◆ Exercise aim
Return every line below exactly.
>>>>>
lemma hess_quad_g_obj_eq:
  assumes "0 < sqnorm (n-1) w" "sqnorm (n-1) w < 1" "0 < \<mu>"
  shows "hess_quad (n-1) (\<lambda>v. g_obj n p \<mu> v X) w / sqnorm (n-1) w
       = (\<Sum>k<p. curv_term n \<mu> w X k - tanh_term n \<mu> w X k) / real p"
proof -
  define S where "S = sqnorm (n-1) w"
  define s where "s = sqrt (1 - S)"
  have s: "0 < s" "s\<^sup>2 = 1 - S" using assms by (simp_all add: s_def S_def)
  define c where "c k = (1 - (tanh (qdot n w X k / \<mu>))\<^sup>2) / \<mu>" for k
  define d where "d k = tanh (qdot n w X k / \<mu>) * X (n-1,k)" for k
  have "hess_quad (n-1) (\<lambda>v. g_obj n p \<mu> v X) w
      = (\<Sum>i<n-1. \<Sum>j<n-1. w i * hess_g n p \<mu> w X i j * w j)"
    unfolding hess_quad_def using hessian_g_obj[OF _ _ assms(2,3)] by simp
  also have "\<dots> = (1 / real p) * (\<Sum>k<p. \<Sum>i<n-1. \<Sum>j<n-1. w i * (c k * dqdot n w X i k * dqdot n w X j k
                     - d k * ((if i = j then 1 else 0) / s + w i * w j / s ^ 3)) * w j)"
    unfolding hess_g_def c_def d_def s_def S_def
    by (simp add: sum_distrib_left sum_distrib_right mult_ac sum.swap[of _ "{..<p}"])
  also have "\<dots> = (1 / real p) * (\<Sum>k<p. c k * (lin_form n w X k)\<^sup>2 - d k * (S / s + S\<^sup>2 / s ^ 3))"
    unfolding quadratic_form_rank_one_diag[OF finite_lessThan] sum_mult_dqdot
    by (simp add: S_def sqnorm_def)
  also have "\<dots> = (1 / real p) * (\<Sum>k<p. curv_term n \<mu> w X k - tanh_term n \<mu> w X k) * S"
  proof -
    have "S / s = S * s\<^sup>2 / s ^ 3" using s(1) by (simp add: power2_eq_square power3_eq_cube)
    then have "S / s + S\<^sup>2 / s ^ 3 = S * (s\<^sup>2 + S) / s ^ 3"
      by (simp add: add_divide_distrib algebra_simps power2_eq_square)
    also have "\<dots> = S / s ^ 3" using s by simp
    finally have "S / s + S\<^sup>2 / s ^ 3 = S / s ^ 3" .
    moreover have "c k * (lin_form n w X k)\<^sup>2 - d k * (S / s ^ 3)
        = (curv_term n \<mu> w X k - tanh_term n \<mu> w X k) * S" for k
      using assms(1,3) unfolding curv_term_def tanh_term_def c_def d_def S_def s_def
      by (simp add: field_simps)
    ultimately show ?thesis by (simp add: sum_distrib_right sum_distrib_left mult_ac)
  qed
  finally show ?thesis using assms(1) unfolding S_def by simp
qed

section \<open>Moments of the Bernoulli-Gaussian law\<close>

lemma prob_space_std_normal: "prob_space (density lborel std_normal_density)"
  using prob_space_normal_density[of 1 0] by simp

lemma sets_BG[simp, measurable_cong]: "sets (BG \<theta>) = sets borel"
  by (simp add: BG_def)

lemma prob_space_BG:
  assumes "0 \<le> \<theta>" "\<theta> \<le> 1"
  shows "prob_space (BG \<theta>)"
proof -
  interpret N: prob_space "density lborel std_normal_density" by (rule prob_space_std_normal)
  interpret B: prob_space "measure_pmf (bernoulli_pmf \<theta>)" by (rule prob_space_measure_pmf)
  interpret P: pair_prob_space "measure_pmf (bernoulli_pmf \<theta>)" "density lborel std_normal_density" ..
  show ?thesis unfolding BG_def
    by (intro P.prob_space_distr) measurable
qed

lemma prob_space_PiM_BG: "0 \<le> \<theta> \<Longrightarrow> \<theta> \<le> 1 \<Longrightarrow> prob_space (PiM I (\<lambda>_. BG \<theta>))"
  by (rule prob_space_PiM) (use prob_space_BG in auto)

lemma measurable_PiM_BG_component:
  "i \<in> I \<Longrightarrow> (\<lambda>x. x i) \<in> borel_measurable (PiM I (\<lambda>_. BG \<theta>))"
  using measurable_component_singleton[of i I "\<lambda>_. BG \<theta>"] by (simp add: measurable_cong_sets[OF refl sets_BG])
<<<<<
◆ Answer to this task
lemma hess_quad_g_obj_eq:
  assumes "0 < sqnorm (n-1) w" "sqnorm (n-1) w < 1" "0 < \<mu>"
  shows "hess_quad (n-1) (\<lambda>v. g_obj n p \<mu> v X) w / sqnorm (n-1) w
       = (\<Sum>k<p. curv_term n \<mu> w X k - tanh_term n \<mu> w X k) / real p"
proof -
  define S where "S = sqnorm (n-1) w"
  define s where "s = sqrt (1 - S)"
  have s: "0 < s" "s\<^sup>2 = 1 - S" using assms by (simp_all add: s_def S_def)
  define c where "c k = (1 - (tanh (qdot n w X k / \<mu>))\<^sup>2) / \<mu>" for k
  define d where "d k = tanh (qdot n w X k / \<mu>) * X (n-1,k)" for k
  have "hess_quad (n-1) (\<lambda>v. g_obj n p \<mu> v X) w
      = (\<Sum>i<n-1. \<Sum>j<n-1. w i * hess_g n p \<mu> w X i j * w j)"
    unfolding hess_quad_def using hessian_g_obj[OF _ _ assms(2,3)] by simp
  also have "\<dots> = (1 / real p) * (\<Sum>k<p. \<Sum>i<n-1. \<Sum>j<n-1. w i * (c k * dqdot n w X i k * dqdot n w X j k
                     - d k * ((if i = j then 1 else 0) / s + w i * w j / s ^ 3)) * w j)"
    unfolding hess_g_def c_def d_def s_def S_def
    by (simp add: sum_distrib_left sum_distrib_right mult_ac sum.swap[of _ "{..<p}"])
  also have "\<dots> = (1 / real p) * (\<Sum>k<p. c k * (lin_form n w X k)\<^sup>2 - d k * (S / s + S\<^sup>2 / s ^ 3))"
    unfolding quadratic_form_rank_one_diag[OF finite_lessThan] sum_mult_dqdot
    by (simp add: S_def sqnorm_def)
  also have "\<dots> = (1 / real p) * (\<Sum>k<p. curv_term n \<mu> w X k - tanh_term n \<mu> w X k) * S"
  proof -
    have "S / s = S * s\<^sup>2 / s ^ 3" using s(1) by (simp add: power2_eq_square power3_eq_cube)
    then have "S / s + S\<^sup>2 / s ^ 3 = S * (s\<^sup>2 + S) / s ^ 3"
      by (simp add: add_divide_distrib algebra_simps power2_eq_square)
    also have "\<dots> = S / s ^ 3" using s by simp
    finally have "S / s + S\<^sup>2 / s ^ 3 = S / s ^ 3" .
    moreover have "c k * (lin_form n w X k)\<^sup>2 - d k * (S / s ^ 3)
        = (curv_term n \<mu> w X k - tanh_term n \<mu> w X k) * S" for k
      using assms(1,3) unfolding curv_term_def tanh_term_def c_def d_def S_def s_def
      by (simp add: field_simps)
    ultimately show ?thesis by (simp add: sum_distrib_right sum_distrib_left mult_ac)
  qed
  finally show ?thesis using assms(1) unfolding S_def by simp
qed

section \<open>Moments of the Bernoulli-Gaussian law\<close>

lemma prob_space_std_normal: "prob_space (density lborel std_normal_density)"
  using prob_space_normal_density[of 1 0] by simp

lemma sets_BG[simp, measurable_cong]: "sets (BG \<theta>) = sets borel"
  by (simp add: BG_def)

lemma prob_space_BG:
  assumes "0 \<le> \<theta>" "\<theta> \<le> 1"
  shows "prob_space (BG \<theta>)"
proof -
  interpret N: prob_space "density lborel std_normal_density" by (rule prob_space_std_normal)
  interpret B: prob_space "measure_pmf (bernoulli_pmf \<theta>)" by (rule prob_space_measure_pmf)
  interpret P: pair_prob_space "measure_pmf (bernoulli_pmf \<theta>)" "density lborel std_normal_density" ..
  show ?thesis unfolding BG_def
    by (intro P.prob_space_distr) measurable
qed

lemma prob_space_PiM_BG: "0 \<le> \<theta> \<Longrightarrow> \<theta> \<le> 1 \<Longrightarrow> prob_space (PiM I (\<lambda>_. BG \<theta>))"
  by (rule prob_space_PiM) (use prob_space_BG in auto)

lemma measurable_PiM_BG_component:
  "i \<in> I \<Longrightarrow> (\<lambda>x. x i) \<in> borel_measurable (PiM I (\<lambda>_. BG \<theta>))"
  using measurable_component_singleton[of i I "\<lambda>_. BG \<theta>"] by (simp add: measurable_cong_sets[OF refl sets_BG])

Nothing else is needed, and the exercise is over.